Excerpts from a dataset:
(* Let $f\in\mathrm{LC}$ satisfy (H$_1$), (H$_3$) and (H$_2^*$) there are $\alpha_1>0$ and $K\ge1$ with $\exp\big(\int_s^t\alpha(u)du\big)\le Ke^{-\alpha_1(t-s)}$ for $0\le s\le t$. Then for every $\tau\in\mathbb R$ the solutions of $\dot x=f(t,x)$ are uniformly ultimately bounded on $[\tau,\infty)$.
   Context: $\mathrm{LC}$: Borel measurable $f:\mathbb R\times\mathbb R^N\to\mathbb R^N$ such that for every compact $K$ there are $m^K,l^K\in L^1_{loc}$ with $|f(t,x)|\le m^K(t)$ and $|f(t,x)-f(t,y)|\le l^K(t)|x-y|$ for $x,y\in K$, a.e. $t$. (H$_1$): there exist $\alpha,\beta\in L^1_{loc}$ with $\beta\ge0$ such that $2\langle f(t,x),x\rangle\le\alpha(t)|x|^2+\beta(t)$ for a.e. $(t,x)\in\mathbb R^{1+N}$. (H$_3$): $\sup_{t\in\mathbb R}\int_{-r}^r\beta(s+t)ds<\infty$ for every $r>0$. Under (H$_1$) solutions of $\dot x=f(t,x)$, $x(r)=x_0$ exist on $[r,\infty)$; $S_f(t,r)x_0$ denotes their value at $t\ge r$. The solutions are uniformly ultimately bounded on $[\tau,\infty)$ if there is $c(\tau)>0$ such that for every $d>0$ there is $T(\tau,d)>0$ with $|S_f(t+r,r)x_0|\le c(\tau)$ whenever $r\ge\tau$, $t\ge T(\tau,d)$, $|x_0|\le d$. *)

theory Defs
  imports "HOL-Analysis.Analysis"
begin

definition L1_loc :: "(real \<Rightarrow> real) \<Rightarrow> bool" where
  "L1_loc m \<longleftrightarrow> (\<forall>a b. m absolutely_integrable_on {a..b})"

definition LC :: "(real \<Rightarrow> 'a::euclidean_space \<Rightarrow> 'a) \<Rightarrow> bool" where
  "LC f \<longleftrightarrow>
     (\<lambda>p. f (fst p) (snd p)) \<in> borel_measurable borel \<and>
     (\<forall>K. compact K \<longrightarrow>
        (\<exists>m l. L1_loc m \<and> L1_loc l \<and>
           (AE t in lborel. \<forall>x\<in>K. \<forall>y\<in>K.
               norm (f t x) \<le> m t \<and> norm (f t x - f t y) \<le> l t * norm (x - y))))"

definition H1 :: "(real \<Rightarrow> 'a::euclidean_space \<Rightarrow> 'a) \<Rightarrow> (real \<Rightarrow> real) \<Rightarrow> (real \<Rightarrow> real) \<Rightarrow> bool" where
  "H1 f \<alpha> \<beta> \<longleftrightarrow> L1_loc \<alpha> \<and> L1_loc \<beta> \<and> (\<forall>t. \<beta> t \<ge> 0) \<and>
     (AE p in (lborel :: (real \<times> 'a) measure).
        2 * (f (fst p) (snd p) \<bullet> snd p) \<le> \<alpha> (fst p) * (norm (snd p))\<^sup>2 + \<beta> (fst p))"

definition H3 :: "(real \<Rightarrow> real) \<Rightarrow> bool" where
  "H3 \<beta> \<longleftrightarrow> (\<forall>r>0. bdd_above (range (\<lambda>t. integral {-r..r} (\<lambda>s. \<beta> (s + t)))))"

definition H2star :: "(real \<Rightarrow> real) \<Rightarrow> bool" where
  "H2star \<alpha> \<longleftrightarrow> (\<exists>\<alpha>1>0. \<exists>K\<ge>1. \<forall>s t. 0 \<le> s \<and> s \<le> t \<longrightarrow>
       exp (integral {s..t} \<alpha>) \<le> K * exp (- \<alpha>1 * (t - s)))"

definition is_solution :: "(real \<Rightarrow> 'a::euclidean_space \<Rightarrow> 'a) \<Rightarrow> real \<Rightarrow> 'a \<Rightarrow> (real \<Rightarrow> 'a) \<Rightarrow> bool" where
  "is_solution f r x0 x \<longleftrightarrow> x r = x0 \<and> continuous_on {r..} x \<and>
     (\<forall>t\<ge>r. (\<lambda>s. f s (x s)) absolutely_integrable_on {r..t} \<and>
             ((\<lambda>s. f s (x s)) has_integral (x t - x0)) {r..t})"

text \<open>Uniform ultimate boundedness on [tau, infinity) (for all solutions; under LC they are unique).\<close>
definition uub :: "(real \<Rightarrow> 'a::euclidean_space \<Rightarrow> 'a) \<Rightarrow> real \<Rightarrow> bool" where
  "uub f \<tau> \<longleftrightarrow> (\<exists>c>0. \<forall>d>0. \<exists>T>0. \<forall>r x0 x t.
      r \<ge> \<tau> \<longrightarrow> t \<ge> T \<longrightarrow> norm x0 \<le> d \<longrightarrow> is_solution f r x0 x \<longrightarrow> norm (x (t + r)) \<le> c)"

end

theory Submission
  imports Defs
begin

---

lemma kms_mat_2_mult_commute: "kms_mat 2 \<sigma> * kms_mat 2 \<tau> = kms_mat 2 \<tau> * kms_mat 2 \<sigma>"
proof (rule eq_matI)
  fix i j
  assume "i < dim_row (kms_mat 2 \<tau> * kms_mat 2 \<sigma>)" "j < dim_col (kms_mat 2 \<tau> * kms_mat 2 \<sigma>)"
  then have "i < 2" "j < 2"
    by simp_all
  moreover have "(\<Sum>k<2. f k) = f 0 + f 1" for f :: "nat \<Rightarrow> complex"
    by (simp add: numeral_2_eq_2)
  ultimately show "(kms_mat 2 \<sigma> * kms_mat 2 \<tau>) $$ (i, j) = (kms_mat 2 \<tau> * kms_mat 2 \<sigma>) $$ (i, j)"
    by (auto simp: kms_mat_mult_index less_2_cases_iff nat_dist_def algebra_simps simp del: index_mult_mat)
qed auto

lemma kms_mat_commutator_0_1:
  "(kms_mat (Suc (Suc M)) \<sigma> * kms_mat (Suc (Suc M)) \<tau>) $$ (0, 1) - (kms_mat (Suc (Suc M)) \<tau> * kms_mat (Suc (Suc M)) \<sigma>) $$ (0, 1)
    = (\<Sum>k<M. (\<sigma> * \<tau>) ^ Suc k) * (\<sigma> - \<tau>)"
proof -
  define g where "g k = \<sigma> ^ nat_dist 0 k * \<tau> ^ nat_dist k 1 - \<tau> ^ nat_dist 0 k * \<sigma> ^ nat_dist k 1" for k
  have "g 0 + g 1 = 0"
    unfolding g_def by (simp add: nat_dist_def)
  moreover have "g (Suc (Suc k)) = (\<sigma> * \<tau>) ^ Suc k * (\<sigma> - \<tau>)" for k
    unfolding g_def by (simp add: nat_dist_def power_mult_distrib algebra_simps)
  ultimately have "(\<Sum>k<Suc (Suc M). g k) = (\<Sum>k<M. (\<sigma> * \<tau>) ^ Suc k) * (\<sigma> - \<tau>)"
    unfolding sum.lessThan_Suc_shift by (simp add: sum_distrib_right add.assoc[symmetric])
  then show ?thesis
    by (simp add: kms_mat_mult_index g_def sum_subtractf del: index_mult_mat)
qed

...

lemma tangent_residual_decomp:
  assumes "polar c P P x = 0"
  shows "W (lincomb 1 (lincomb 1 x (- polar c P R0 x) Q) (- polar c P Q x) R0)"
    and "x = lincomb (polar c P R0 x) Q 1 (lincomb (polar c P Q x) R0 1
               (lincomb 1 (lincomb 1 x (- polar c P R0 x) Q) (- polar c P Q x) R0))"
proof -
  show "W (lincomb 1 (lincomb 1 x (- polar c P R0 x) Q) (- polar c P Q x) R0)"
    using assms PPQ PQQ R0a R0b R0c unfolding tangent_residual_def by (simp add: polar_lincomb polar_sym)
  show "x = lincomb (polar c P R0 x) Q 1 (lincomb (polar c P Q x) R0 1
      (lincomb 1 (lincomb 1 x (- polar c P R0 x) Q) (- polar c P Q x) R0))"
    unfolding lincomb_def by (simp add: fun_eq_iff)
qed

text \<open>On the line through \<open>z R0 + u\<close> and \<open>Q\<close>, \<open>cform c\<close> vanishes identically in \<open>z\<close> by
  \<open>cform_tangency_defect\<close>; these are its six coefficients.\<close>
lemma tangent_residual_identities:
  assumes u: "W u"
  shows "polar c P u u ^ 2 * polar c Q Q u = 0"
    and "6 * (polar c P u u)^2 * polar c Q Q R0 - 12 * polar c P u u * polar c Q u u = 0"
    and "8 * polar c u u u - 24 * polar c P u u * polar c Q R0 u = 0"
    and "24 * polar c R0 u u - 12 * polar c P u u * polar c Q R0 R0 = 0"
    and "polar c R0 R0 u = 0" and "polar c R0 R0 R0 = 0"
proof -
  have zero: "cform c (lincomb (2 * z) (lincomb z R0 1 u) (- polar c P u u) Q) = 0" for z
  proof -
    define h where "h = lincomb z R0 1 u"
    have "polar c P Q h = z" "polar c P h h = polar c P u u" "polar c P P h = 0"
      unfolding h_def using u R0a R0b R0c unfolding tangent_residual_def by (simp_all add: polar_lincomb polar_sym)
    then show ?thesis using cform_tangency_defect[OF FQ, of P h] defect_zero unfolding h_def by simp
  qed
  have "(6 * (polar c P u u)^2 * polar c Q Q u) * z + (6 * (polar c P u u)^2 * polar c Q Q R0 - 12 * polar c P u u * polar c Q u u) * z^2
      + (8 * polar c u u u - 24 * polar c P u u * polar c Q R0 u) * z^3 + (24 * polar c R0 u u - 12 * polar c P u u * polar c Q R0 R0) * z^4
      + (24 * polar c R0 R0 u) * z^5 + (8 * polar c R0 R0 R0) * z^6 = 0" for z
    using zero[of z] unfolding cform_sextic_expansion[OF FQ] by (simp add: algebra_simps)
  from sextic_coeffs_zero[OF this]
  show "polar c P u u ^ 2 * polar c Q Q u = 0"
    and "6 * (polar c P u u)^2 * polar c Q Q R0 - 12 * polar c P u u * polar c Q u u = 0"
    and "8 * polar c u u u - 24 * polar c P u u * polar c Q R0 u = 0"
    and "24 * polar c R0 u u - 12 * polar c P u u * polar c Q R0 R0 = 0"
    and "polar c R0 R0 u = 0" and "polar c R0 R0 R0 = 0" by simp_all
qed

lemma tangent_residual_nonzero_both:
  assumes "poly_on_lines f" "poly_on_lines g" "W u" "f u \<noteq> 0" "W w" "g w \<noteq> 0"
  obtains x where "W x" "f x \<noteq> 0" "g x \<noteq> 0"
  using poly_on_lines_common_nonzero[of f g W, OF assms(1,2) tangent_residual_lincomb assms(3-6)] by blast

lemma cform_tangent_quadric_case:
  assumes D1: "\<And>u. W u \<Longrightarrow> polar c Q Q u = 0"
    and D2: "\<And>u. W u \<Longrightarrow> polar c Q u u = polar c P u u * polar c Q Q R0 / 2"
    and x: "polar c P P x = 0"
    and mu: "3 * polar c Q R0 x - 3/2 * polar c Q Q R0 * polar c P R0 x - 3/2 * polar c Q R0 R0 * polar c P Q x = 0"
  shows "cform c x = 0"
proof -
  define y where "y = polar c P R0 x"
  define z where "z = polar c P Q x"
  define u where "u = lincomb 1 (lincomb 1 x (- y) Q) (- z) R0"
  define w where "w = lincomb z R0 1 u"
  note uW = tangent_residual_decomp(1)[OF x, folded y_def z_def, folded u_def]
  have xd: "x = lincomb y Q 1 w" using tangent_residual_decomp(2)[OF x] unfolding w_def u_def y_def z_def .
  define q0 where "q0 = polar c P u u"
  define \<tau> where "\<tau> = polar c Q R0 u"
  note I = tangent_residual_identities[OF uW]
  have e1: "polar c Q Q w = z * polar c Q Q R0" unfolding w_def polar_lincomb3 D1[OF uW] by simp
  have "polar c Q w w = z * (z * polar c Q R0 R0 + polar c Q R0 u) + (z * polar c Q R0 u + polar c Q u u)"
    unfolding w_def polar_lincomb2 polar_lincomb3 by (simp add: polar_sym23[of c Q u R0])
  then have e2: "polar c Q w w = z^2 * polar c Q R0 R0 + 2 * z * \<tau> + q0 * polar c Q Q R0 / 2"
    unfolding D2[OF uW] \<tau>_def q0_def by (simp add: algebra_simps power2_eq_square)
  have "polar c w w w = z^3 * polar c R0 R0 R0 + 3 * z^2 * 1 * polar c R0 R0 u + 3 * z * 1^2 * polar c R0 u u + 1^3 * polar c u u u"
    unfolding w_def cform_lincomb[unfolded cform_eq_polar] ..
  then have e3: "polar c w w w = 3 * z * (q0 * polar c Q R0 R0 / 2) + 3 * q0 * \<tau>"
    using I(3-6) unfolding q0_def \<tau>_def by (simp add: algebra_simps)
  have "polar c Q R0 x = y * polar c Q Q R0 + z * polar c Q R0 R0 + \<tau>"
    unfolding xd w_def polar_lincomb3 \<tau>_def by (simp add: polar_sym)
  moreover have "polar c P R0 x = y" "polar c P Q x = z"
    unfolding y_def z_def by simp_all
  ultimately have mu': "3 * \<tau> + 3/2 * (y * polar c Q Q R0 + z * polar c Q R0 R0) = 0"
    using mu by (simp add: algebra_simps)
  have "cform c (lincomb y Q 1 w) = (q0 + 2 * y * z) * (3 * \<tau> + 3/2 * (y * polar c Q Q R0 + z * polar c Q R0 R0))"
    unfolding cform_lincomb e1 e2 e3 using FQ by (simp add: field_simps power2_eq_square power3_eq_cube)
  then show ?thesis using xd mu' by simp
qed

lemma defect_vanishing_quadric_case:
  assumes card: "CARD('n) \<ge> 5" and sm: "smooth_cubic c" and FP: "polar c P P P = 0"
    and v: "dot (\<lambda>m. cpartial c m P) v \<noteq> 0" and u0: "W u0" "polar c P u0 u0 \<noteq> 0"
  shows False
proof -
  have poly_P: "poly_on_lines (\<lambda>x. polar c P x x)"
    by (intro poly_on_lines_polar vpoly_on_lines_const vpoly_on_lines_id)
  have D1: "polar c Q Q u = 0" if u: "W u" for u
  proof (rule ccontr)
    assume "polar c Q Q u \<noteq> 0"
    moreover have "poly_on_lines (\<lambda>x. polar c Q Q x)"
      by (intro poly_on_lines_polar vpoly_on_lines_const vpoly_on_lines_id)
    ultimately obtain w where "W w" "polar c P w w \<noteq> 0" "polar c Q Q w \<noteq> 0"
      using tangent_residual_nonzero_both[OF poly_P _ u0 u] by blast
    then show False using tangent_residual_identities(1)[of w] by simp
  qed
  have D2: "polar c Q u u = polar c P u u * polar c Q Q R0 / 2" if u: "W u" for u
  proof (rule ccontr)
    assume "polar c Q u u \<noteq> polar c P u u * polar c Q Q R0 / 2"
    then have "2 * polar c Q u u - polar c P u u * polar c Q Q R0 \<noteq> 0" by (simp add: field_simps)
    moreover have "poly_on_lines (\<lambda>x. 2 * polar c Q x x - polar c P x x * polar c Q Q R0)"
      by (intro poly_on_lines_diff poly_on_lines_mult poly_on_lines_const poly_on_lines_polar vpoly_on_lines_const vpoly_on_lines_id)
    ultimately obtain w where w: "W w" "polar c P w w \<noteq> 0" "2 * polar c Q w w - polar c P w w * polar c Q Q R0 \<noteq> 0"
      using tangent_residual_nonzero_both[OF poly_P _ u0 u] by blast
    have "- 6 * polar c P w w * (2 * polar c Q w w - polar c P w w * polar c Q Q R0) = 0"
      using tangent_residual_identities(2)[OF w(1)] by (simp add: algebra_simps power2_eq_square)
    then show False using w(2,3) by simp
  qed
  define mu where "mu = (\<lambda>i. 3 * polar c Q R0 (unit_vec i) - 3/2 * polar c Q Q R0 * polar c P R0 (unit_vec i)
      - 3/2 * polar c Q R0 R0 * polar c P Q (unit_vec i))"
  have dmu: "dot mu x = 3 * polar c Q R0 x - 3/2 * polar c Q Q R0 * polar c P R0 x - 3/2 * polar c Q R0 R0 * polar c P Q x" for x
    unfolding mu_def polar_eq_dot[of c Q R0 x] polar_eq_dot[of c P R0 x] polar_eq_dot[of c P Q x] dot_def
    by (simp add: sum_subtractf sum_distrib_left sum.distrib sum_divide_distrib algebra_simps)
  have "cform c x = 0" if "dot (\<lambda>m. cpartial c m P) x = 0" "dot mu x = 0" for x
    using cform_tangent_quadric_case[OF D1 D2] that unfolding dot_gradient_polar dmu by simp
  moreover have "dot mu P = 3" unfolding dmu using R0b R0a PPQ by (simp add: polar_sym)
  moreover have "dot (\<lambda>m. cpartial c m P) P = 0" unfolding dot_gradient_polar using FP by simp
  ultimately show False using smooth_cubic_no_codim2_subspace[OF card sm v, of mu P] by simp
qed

*What to do*
Where a line above includes "mathrm", copy that line.

*Solution*
(* Let $f\in\mathrm{LC}$ satisfy (H$_1$), (H$_3$) and (H$_2^*$) there are $\alpha_1>0$ and $K\ge1$ with $\exp\big(\int_s^t\alpha(u)du\big)\le Ke^{-\alpha_1(t-s)}$ for $0\le s\le t$. Then for every $\tau\in\mathbb R$ the solutions of $\dot x=f(t,x)$ are uniformly ultimately bounded on $[\tau,\infty)$.
   Context: $\mathrm{LC}$: Borel measurable $f:\mathbb R\times\mathbb R^N\to\mathbb R^N$ such that for every compact $K$ there are $m^K,l^K\in L^1_{loc}$ with $|f(t,x)|\le m^K(t)$ and $|f(t,x)-f(t,y)|\le l^K(t)|x-y|$ for $x,y\in K$, a.e. $t$. (H$_1$): there exist $\alpha,\beta\in L^1_{loc}$ with $\beta\ge0$ such that $2\langle f(t,x),x\rangle\le\alpha(t)|x|^2+\beta(t)$ for a.e. $(t,x)\in\mathbb R^{1+N}$. (H$_3$): $\sup_{t\in\mathbb R}\int_{-r}^r\beta(s+t)ds<\infty$ for every $r>0$. Under (H$_1$) solutions of $\dot x=f(t,x)$, $x(r)=x_0$ exist on $[r,\infty)$; $S_f(t,r)x_0$ denotes their value at $t\ge r$. The solutions are uniformly ultimately bounded on $[\tau,\infty)$ if there is $c(\tau)>0$ such that for every $d>0$ there is $T(\tau,d)>0$ with $|S_f(t+r,r)x_0|\le c(\tau)$ whenever $r\ge\tau$, $t\ge T(\tau,d)$, $|x_0|\le d$. *)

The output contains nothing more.